All day turkey bones murmuring in water, the molasses-like burps of slow moving stock, gelatin richness drawn from carcass, skin, and cleavered bones, clove-studded onions and bay leaves from Turkey. The slow stovetop burn, stainless steel pot gurgling simmerish, soft, a flicker of flame underneath.
Today begins Advent, the four weeks that precede Christmas, the beginning of the liturgical year in the Catholic tradition, and the beginning of winter's great darkness, cold that overwhelms us unless we walk into it prepared.

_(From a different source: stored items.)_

(* Let $q$ be a prime power. Let $2\leq s\leq k$ be integers. Then \[ n_q(k,s)\leq \frac{q^3-q+1}{q^4}\genfrac{[}{]}{0pt}{}{k}{s}_q. \]
   Context: For a $(k - s)$-dimensional affine subspace $H$ of $\mathbb{F}_q^k$ not passing through the origin, $n_q(k,s)$ denotes the number of $s$-dimensional affine subspaces through the origin that are disjoint from $H$ (this is independent of the choice of $H$). For integers $0 \leq s \leq k$, the $q$-binomial (Gaussian) coefficient is $\genfrac{[}{]}{0pt}{}{k}{s}_q = \frac{(q^k - 1) \cdots (q^{k - s+ 1} - 1)}{(q^s - 1) \cdots (q - 1)}$ (empty product equal to $1$), and it is defined to be $0$ for other values of $s,k$. *)

theory Defs
  imports "HOL-Analysis.Analysis"
begin

definition qbinom :: "nat \<Rightarrow> nat \<Rightarrow> nat \<Rightarrow> real" where
  "qbinom q k s = (if s \<le> k then
      (\<Prod>i<s. (real q ^ (k - i) - 1)) / (\<Prod>i\<in>{1..s}. (real q ^ i - 1))
    else 0)"

definition lin_subspaces :: "nat \<Rightarrow> ('a::field ^ 'n) set set" where
  "lin_subspaces d = {S. vec.subspace S \<and> vec.dim S = d}"

definition aff_subspace :: "nat \<Rightarrow> ('a::field ^ 'n) set \<Rightarrow> bool" where
  "aff_subspace d H \<longleftrightarrow> (\<exists>v W. W \<in> lin_subspaces d \<and> H = (\<lambda>w. v + w) ` W)"

end

theory Submission
  imports Defs
begin

(* Write H = v + W with W a linear subspace and v not in W. An s-dimensional subspace S misses H
   iff v is not in span (S \<union> W), so each ordered basis of such an S is an independent sequence
   z_1, ..., z_s with v outside span ({z_1, ..., z_s} \<union> W), and each S has
   (q^s - 1)(q^s - q)...(q^s - q^(s-1)) ordered bases. These sequences are counted one vector at a
   time. If the current span X has dimension k - 1 - e, an admissible next vector either lies in X
   (and e stays) or lies outside X + <v> (and e drops by one). Measuring both kinds as proportions
   a^(e+1) and 1 - a^e, with a = 1/q, of the q^k - q^j vectors independent of the j vectors chosen
   so far gives the recursion of avoid_bound, starting at e = s - 1. Hence the number of sequences is
   at most (q^k - 1)...(q^k - q^(s-1)) avoid_bound a s (s - 1), where the product is the number of
   ordered bases times the Gaussian coefficient, and avoid_bound a s (s - 1) <= a - a^3 + a^4 for
   a <= 1/2. *)

lemma card_span_independent:
  fixes B :: "('a::{finite,field} ^ 'n) set"
  assumes "vec.independent B"
  shows "card (vec.span B) = CARD('a) ^ card B"
  using finite[of B] assms
proof (induction B rule: finite_induct)
  case empty
  then show ?case by simp
next
  case (insert b B)
  have indep: "vec.independent B" and b: "b \<notin> vec.span B"
    using insert vec.independent_insert[of b B] by auto
  let ?f = "\<lambda>(c, x). c *s b + x"
  have span_eq: "vec.span (insert b B) = ?f ` (UNIV \<times> vec.span B)"
  proof (intro equalityI subsetI)
    fix x assume "x \<in> vec.span (insert b B)"
    then obtain c where "x - c *s b \<in> vec.span B" using vec.span_insert by blast
    then show "x \<in> ?f ` (UNIV \<times> vec.span B)"
      by (intro image_eqI[of _ _ "(c, x - c *s b)"]) auto
  next
    fix x assume "x \<in> ?f ` (UNIV \<times> vec.span B)"
    then show "x \<in> vec.span (insert b B)"
      by (auto intro: vec.span_add vec.span_scale vec.span_base
               dest: vec.span_mono[of B "insert b B", THEN subsetD, rotated])
  qed
  have "inj_on ?f (UNIV \<times> vec.span B)"
  proof (rule inj_onI, clarsimp)
    fix c x c' x'
    assume x: "x \<in> vec.span B" "x' \<in> vec.span B" and eq: "c *s b + x = c' *s b + x'"
    have "(c - c') *s b = x' - x"
      using eq by (simp add: algebra_simps vec.scale_left_diff_distrib)
    then have "(c - c') *s b \<in> vec.span B" using vec.span_diff[OF x(2) x(1)] by simp
    then have "c = c'"
    proof (rule contrapos_pp)
      assume "c \<noteq> c'"
      then have "inverse (c - c') *s ((c - c') *s b) = b" by (subst vec.scale_scale) simp
      then show "(c - c') *s b \<notin> vec.span B" using b vec.span_scale by metis
    qed
    then show "c = c' \<and> x = x'" using eq by simp
  qed
  then have "card (vec.span (insert b B)) = CARD('a) * card (vec.span B)"
    by (simp add: span_eq card_image card_cartesian_product)
  then show ?case using insert indep by simp
qed

lemma card_span:
  fixes X :: "('a::{finite,field} ^ 'n) set"
  shows "card (vec.span X) = CARD('a) ^ vec.dim X"
proof -
  obtain B where "B \<subseteq> vec.span X" "vec.independent B" "vec.span X \<subseteq> vec.span B"
    and "card B = vec.dim (vec.span X)"
    using vec.basis_exists by blast
  then show ?thesis
    using card_span_independent vec.span_subspace[of B "vec.span X"] vec.subspace_span by fastforce
qed

lemma card_span_diff:
  fixes X Y :: "('a::{finite,field} ^ 'n) set"
  assumes "X \<subseteq> vec.span Y"
  shows "card (vec.span Y - vec.span X) = CARD('a) ^ vec.dim Y - CARD('a) ^ vec.dim X"
proof -
  have "vec.span X \<subseteq> vec.span Y" using assms vec.span_minimal vec.subspace_span by blast
  then show ?thesis by (simp add: card_Diff_subset card_span)
qed

lemma two_le_card_zero_neq_one: "2 \<le> CARD('a::{finite,zero_neq_one})"
proof -
  have "card {0 :: 'a, 1} \<le> CARD('a)" by (rule card_mono) simp_all
  then show ?thesis by simp
qed

(* For e = 0 the second summand vanishes, so the truncated e - 1 is harmless. *)
fun avoid_bound :: "real \<Rightarrow> nat \<Rightarrow> nat \<Rightarrow> real" where
  "avoid_bound a 0 e = 1"
| "avoid_bound a (Suc t) e = a ^ (e + 1) * avoid_bound a t e + (1 - a ^ e) * avoid_bound a t (e - 1)"

context
  fixes a :: real
  assumes a_nonneg: "0 \<le> a" and a_le_one: "a \<le> 1"
begin

lemma avoid_bound_nonneg: "0 \<le> avoid_bound a t e"
  by (induction t arbitrary: e) (simp_all add: a_nonneg a_le_one power_le_one)

lemma avoid_bound_le_one: "avoid_bound a t e \<le> 1"
proof (induction t arbitrary: e)
  case 0
  then show ?case by simp
next
  case (Suc t)
  have "a ^ (e + 1) \<le> a ^ e" "a ^ e \<le> 1"
    using a_nonneg a_le_one power_decreasing[of e "e + 1" a] by (simp_all add: power_le_one)
  moreover have "avoid_bound a (Suc t) e \<le> a ^ (e + 1) + (1 - a ^ e)"
    using Suc a_nonneg \<open>a ^ e \<le> 1\<close>
    by (simp add: add_mono mult_left_le)
  ultimately show ?case by linarith
qed

lemma avoid_bound_mono: "avoid_bound a t e \<le> avoid_bound a t (Suc e)"
proof (induction t arbitrary: e)
  case 0
  then show ?case by simp
next
  case (Suc t)
  have le1: "a ^ e \<le> 1" "a ^ (e + 1) \<le> 1" using a_nonneg a_le_one power_le_one by blast+
  have B: "0 \<le> avoid_bound a t e" by (rule avoid_bound_nonneg)
  have "avoid_bound a t (e - 1) \<le> avoid_bound a t e" using Suc.IH by (cases e) auto
  then have "avoid_bound a (Suc t) e \<le> a ^ (e + 1) * avoid_bound a t e + (1 - a ^ e) * avoid_bound a t e"
    using le1 by (simp add: mult_left_mono)
  also have "\<dots> = (a ^ (e + 1) + 1 - a ^ e) * avoid_bound a t e"
    by (simp add: algebra_simps)
  also have "\<dots> \<le> (a ^ (e + 2) + 1 - a ^ (e + 1)) * avoid_bound a t e"
  proof (rule mult_right_mono[OF _ B])
    have "0 \<le> a ^ e * (1 - a)\<^sup>2" using a_nonneg by simp
    then show "a ^ (e + 1) + 1 - a ^ e \<le> a ^ (e + 2) + 1 - a ^ (e + 1)"
      by (simp add: power2_eq_square algebra_simps)
  qed
  also have "\<dots> \<le> avoid_bound a (Suc t) (Suc e)"
    using Suc.IH[of e] a_nonneg by (simp add: mult_left_mono algebra_simps)
  finally show ?case .
qed


end

lemma avoid_bound_diag_le:
  assumes "0 \<le> a" "a \<le> 1/2" "1 \<le> t"
  shows "avoid_bound a t t \<le> 1 - a\<^sup>2 + a ^ 3"
  using assms(3)
proof (induction t rule: nat_induct_at_least)
  case base
  have "0 \<le> a * (1 - a)\<^sup>2" using assms by simp
  then show ?case by (simp add: power2_eq_square power3_eq_cube algebra_simps)
next
  case (Suc t)
  define c where "c = 1 - a\<^sup>2 + a ^ 3"
  have "a\<^sup>2 \<le> 1/4" using assms power_mono[of a "1/2" 2] by (simp add: power2_eq_square)
  moreover have "0 \<le> a ^ 3" using assms by simp
  ultimately have "a \<le> c" using assms unfolding c_def by linarith
  moreover have "avoid_bound a t (Suc t) \<le> 1" using assms by (intro avoid_bound_le_one) simp_all
  ultimately have "a * avoid_bound a t (Suc t) \<le> c"
    using assms mult_left_le[of "avoid_bound a t (Suc t)" a] by linarith
  moreover have "avoid_bound a t t \<le> c" using Suc.IH unfolding c_def .
  ultimately have "a ^ (t + 1) * (a * avoid_bound a t (Suc t)) + (1 - a ^ (t + 1)) * avoid_bound a t t
      \<le> a ^ (t + 1) * c + (1 - a ^ (t + 1)) * c"
    using assms power_le_one[of a "t + 1"] by (intro add_mono mult_left_mono) simp_all
  then show ?case unfolding c_def by (simp add: algebra_simps)
qed
lemma gauss_stft_entire_Complex:
  assumes "f \<in> borel_measurable borel" and "norm u = 1"
  shows "gauss_stft_entire f u (Complex a b)
    = complex_of_real (exp (pi * b\<^sup>2)) * exp (- (\<i> * complex_of_real (2 * pi * a * b)))
      * stft gauss f (a *\<^sub>R u) ((- b) *\<^sub>R u)"
proof -
  define K where "K = complex_of_real (exp (pi * b\<^sup>2)) * exp (- (\<i> * complex_of_real (2 * pi * a * b)))"
  define X where "X = (\<lambda>t. exp (- (complex_of_real (2 * pi) * \<i> * complex_of_real (t \<bullet> (- b) *\<^sub>R u))))"
  define G where "G = (\<lambda>t. complex_of_real (exp (- pi * norm (t - a *\<^sub>R u) ^ 2)))"
  have pointwise: "exp (- complex_of_real pi * (Complex a b)\<^sup>2) * (f t * gauss t * exp (Complex a b * complex_of_real (t \<bullet> (2 * pi) *\<^sub>R u)))
      = K * (X t * f t * G t)" for t
  proof -
    have "exp (- complex_of_real pi * (Complex a b)\<^sup>2) * (f t * gauss t * exp (Complex a b * complex_of_real (t \<bullet> (2 * pi) *\<^sub>R u)))
        = f t * (exp (- complex_of_real pi * (Complex a b)\<^sup>2) * (gauss t * exp (Complex a b * complex_of_real (t \<bullet> (2 * pi) *\<^sub>R u))))"
      by (simp only: ac_simps)
    also have "\<dots> = f t * (K * (X t * G t))"
      unfolding gauss_stft_entire_kernel[OF assms(2)] K_def X_def G_def ..
    finally show ?thesis by (simp only: ac_simps)
  qed
  have "gauss_stft_entire f u (Complex a b)
      = (LINT t|lborel. exp (- complex_of_real pi * (Complex a b)\<^sup>2) * (f t * gauss t * exp (Complex a b * complex_of_real (t \<bullet> (2 * pi) *\<^sub>R u))))"
    unfolding gauss_stft_entire_def laplace_along_def by (rule integral_mult_right_zero[symmetric])
  also have "\<dots> = K * (LINT t|lborel. X t * f t * G t)"
    unfolding pointwise by (rule integral_mult_right_zero)
  also have "(LINT t|lborel. X t * f t * G t) = stft gauss f (a *\<^sub>R u) ((- b) *\<^sub>R u)"
    unfolding stft_gauss_eq_lborel[OF assms(1)] X_def G_def ..
  finally show ?thesis unfolding K_def .
qed

lemma norm_gauss_stft_entire_Complex:
  assumes "f \<in> borel_measurable borel" and "norm u = 1"
  shows "norm (gauss_stft_entire f u (Complex a b)) = exp (pi * b\<^sup>2) * norm (stft gauss f (a *\<^sub>R u) ((- b) *\<^sub>R u))"
  unfolding gauss_stft_entire_Complex[OF assms] by (simp add: norm_mult)
(* Every Ito-Sadahiro number $\beta\ge 2$ is a Perron number.
   Context: For $\beta>1$ put $l_\beta=-\frac{\beta}{\beta+1}$ and $I_\beta=[l_\beta,\frac{1}{\beta+1})$. Define $T:I_\beta\to I_\beta$ by $T(x)=-\beta x-\lfloor -\beta x-l_\beta\rfloor$. The $(-\beta)$-expansion of $x\in I_\beta$ is the infinite word $d_{-\beta}(x)=x_1x_2x_3\cdots$ with $x_i=\lfloor -\beta T^{i-1}(x)-l_\beta\rfloor$ for $i\ge1$. A number $\beta>1$ is an Ito-Sadahiro number if $d_{-\beta}(l_\beta)$ is eventually periodic. A Perron number is an algebraic integer $\beta>1$ all of whose other algebraic conjugates have modulus strictly smaller than $\beta$. *)

theory Defs
  imports "HOL-Computational_Algebra.Computational_Algebra"
begin

definition l_beta :: "real \<Rightarrow> real" where
  "l_beta \<beta> = - \<beta> / (\<beta> + 1)"

definition negbeta_T :: "real \<Rightarrow> real \<Rightarrow> real" where
  "negbeta_T \<beta> x = - \<beta> * x - of_int \<lfloor>- \<beta> * x - l_beta \<beta>\<rfloor>"

text \<open>Digit sequence of the (-beta)-expansion, indexed from 0:
  negbeta_digits beta x i is the digit x_(i+1) of the paper.\<close>
definition negbeta_digits :: "real \<Rightarrow> real \<Rightarrow> nat \<Rightarrow> int" where
  "negbeta_digits \<beta> x i = \<lfloor>- \<beta> * ((negbeta_T \<beta> ^^ i) x) - l_beta \<beta>\<rfloor>"

definition eventually_periodic :: "(nat \<Rightarrow> 'a) \<Rightarrow> bool" where
  "eventually_periodic s \<longleftrightarrow> (\<exists>N p. p > 0 \<and> (\<forall>n\<ge>N. s (n + p) = s n))"

definition Ito_Sadahiro :: "real \<Rightarrow> bool" where
  "Ito_Sadahiro \<beta> \<longleftrightarrow> \<beta> > 1 \<and> eventually_periodic (negbeta_digits \<beta> (l_beta \<beta>))"

definition alg_conjugate :: "real \<Rightarrow> complex \<Rightarrow> bool" where
  "alg_conjugate \<beta> z \<longleftrightarrow> (\<exists>p :: int poly. irreducible p \<and>
      poly (map_poly of_int p) \<beta> = 0 \<and> poly (map_poly of_int p) z = 0)"

definition Perron :: "real \<Rightarrow> bool" where
  "Perron \<beta> \<longleftrightarrow> algebraic_int \<beta> \<and> \<beta> > 1 \<and>
     (\<forall>z. alg_conjugate \<beta> z \<and> z \<noteq> complex_of_real \<beta> \<longrightarrow> cmod z < \<beta>)"

end

theory Submission
  imports Defs
begin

A grey cold Sunday with snow flurries, quiet in the house, moisture curling from the stockpot all day long, fragrant wisps of soup-to-be. I walked with a friend late in the afternoon; we finished our walk as night settled on the snow and filled the sky and air with its dark. The kitchen glowed as it only does when you've returned to it from the outdoors in the winter, just past dusk: truly, civilization developed around a kitchen fire.
At dinner, we lit the first of four candles on our Advent wreath and sang "O Come O Come Emmanuel" before finishing our Thanksgiving leftovers. We move now from an American holiday to a season far older and more profound. What a great time to be in the kitchen.
birch and grasses alone on the snow, grey sky indistinguishable. the flat
world falls into the edge of time, lifeless, dull wedge of horizon and
soundless ...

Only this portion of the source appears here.